Provided records.
(* Let $m\ge1$, $\tau_1\ge\tau_2\ge\dots\ge\tau_m>0$, $b_1,\dots,b_m>0$, and $\psi(u)=\frac12u^2+\sum_{j=1}^mb_j\sqrt{\tau_j-u^2}$ for $0\le u<\sqrt{\tau_m}$. Then: (1) $\psi$ has at most one critical point $u_0\in(0,\sqrt{\tau_m})$; if $u_0<u<\sqrt{\tau_m}$ then $\psi'(u)<0$ and $\psi''(u)<0$, while $\psi'(u)>0$ on $(0,u_0)$; and there is at most one $u_1\in(0,u_0)$ with $\psi''(u_1)=0$. (2) If $u_0$ exists, then $\psi'(u)=-u\int_{u_0}^u\sum_{j=1}^m\frac{b_js}{(\tau_j-s^2)^{3/2}}\,ds$ for all $0<u<\sqrt{\tau_m}$; if $u_0$ does not exist, then $|\psi'(u)|\ge u\int_0^u\sum_{j=1}^m\frac{b_js}{(\tau_j-s^2)^{3/2}}\,ds$ for all $0<u<\sqrt{\tau_m}$. (3) If $\sum_{j=1}^m b_j/\sqrt{\tau_j}\le\frac12$, then $\psi'(u)\ge\frac14u$ for all $0<u<\frac12\sqrt{\tau_m}$. If $\sum_{j=1}^m b_j/\sqrt{\tau_j}\ge2$, then $\psi'(u)\le-u$ for all $0<u<\sqrt{\tau_m}$. *)

theory Defs
  imports "HOL-Analysis.Analysis"
begin

definition psi :: "nat \<Rightarrow> (nat \<Rightarrow> real) \<Rightarrow> (nat \<Rightarrow> real) \<Rightarrow> real \<Rightarrow> real" where
  "psi m b tau u = u\<^sup>2 / 2 + (\<Sum>j=1..m. b j * sqrt (tau j - u\<^sup>2))"

end

theory Submission
  imports Defs
begin

text \<open>With \<open>S u = (\<Sum>j=1..m. b j / sqrt (tau j - u\<^sup>2))\<close> (\<open>weight_sum\<close> below) one has
  \<open>psi' u = u * (1 - S u)\<close>, and \<open>S'\<close> is the integrand of part (2), positive on
  \<open>(0, sqrt (tau m))\<close>. So \<open>S\<close> is strictly increasing, the critical points of \<open>psi\<close> are the
  solutions of \<open>S u = 1\<close>, and \<open>psi'' u = 1 - S u - u * S' u\<close> is strictly decreasing because
  \<open>u * S' u\<close> increases. Part (2) is the fundamental theorem of calculus for \<open>S\<close>; without a
  critical point, since \<open>S\<close> blows up at \<open>sqrt (tau m)\<close>, the intermediate value theorem forces
  \<open>S 0 \<ge> 1\<close>. Part (3) compares \<open>S u\<close> with \<open>S 0 = (\<Sum>j=1..m. b j / sqrt (tau j))\<close>, using
  \<open>S u \<le> 3/2 * S 0\<close> for \<open>u < sqrt (tau m) / 2\<close>.\<close>

lemma has_real_derivative_sqrt_diff_square:
  fixes c x :: real
  assumes "x\<^sup>2 < c"
  shows "((\<lambda>x. sqrt (c - x\<^sup>2)) has_real_derivative - x / sqrt (c - x\<^sup>2)) (at x)"
  using assms by (auto intro!: derivative_eq_intros simp: field_simps)

lemma powr_three_halves: "0 < (a::real) \<Longrightarrow> a powr (3/2) = a * sqrt a"
  using powr_add[of a 1 "1/2"] by (simp add: powr_half_sqrt)

lemma has_real_derivative_inverse_sqrt_diff_square:
  fixes a c x :: real
  assumes "x\<^sup>2 < c"
  shows "((\<lambda>x. a / sqrt (c - x\<^sup>2)) has_real_derivative a * x / (c - x\<^sup>2) powr (3/2)) (at x)"
  using assms by (auto intro!: derivative_eq_intros simp: powr_three_halves field_simps)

Activity.
Print each record word for word.

The completed task.
(* Let $m\ge1$, $\tau_1\ge\tau_2\ge\dots\ge\tau_m>0$, $b_1,\dots,b_m>0$, and $\psi(u)=\frac12u^2+\sum_{j=1}^mb_j\sqrt{\tau_j-u^2}$ for $0\le u<\sqrt{\tau_m}$. Then: (1) $\psi$ has at most one critical point $u_0\in(0,\sqrt{\tau_m})$; if $u_0<u<\sqrt{\tau_m}$ then $\psi'(u)<0$ and $\psi''(u)<0$, while $\psi'(u)>0$ on $(0,u_0)$; and there is at most one $u_1\in(0,u_0)$ with $\psi''(u_1)=0$. (2) If $u_0$ exists, then $\psi'(u)=-u\int_{u_0}^u\sum_{j=1}^m\frac{b_js}{(\tau_j-s^2)^{3/2}}\,ds$ for all $0<u<\sqrt{\tau_m}$; if $u_0$ does not exist, then $|\psi'(u)|\ge u\int_0^u\sum_{j=1}^m\frac{b_js}{(\tau_j-s^2)^{3/2}}\,ds$ for all $0<u<\sqrt{\tau_m}$. (3) If $\sum_{j=1}^m b_j/\sqrt{\tau_j}\le\frac12$, then $\psi'(u)\ge\frac14u$ for all $0<u<\frac12\sqrt{\tau_m}$. If $\sum_{j=1}^m b_j/\sqrt{\tau_j}\ge2$, then $\psi'(u)\le-u$ for all $0<u<\sqrt{\tau_m}$. *)

theory Defs
  imports "HOL-Analysis.Analysis"
begin

definition psi :: "nat \<Rightarrow> (nat \<Rightarrow> real) \<Rightarrow> (nat \<Rightarrow> real) \<Rightarrow> real \<Rightarrow> real" where
  "psi m b tau u = u\<^sup>2 / 2 + (\<Sum>j=1..m. b j * sqrt (tau j - u\<^sup>2))"

end

theory Submission
  imports Defs
begin

text \<open>With \<open>S u = (\<Sum>j=1..m. b j / sqrt (tau j - u\<^sup>2))\<close> (\<open>weight_sum\<close> below) one has
  \<open>psi' u = u * (1 - S u)\<close>, and \<open>S'\<close> is the integrand of part (2), positive on
  \<open>(0, sqrt (tau m))\<close>. So \<open>S\<close> is strictly increasing, the critical points of \<open>psi\<close> are the
  solutions of \<open>S u = 1\<close>, and \<open>psi'' u = 1 - S u - u * S' u\<close> is strictly decreasing because
  \<open>u * S' u\<close> increases. Part (2) is the fundamental theorem of calculus for \<open>S\<close>; without a
  critical point, since \<open>S\<close> blows up at \<open>sqrt (tau m)\<close>, the intermediate value theorem forces
  \<open>S 0 \<ge> 1\<close>. Part (3) compares \<open>S u\<close> with \<open>S 0 = (\<Sum>j=1..m. b j / sqrt (tau j))\<close>, using
  \<open>S u \<le> 3/2 * S 0\<close> for \<open>u < sqrt (tau m) / 2\<close>.\<close>

lemma has_real_derivative_sqrt_diff_square:
  fixes c x :: real
  assumes "x\<^sup>2 < c"
  shows "((\<lambda>x. sqrt (c - x\<^sup>2)) has_real_derivative - x / sqrt (c - x\<^sup>2)) (at x)"
  using assms by (auto intro!: derivative_eq_intros simp: field_simps)

lemma powr_three_halves: "0 < (a::real) \<Longrightarrow> a powr (3/2) = a * sqrt a"
  using powr_add[of a 1 "1/2"] by (simp add: powr_half_sqrt)

lemma has_real_derivative_inverse_sqrt_diff_square:
  fixes a c x :: real
  assumes "x\<^sup>2 < c"
  shows "((\<lambda>x. a / sqrt (c - x\<^sup>2)) has_real_derivative a * x / (c - x\<^sup>2) powr (3/2)) (at x)"
  using assms by (auto intro!: derivative_eq_intros simp: powr_three_halves field_simps)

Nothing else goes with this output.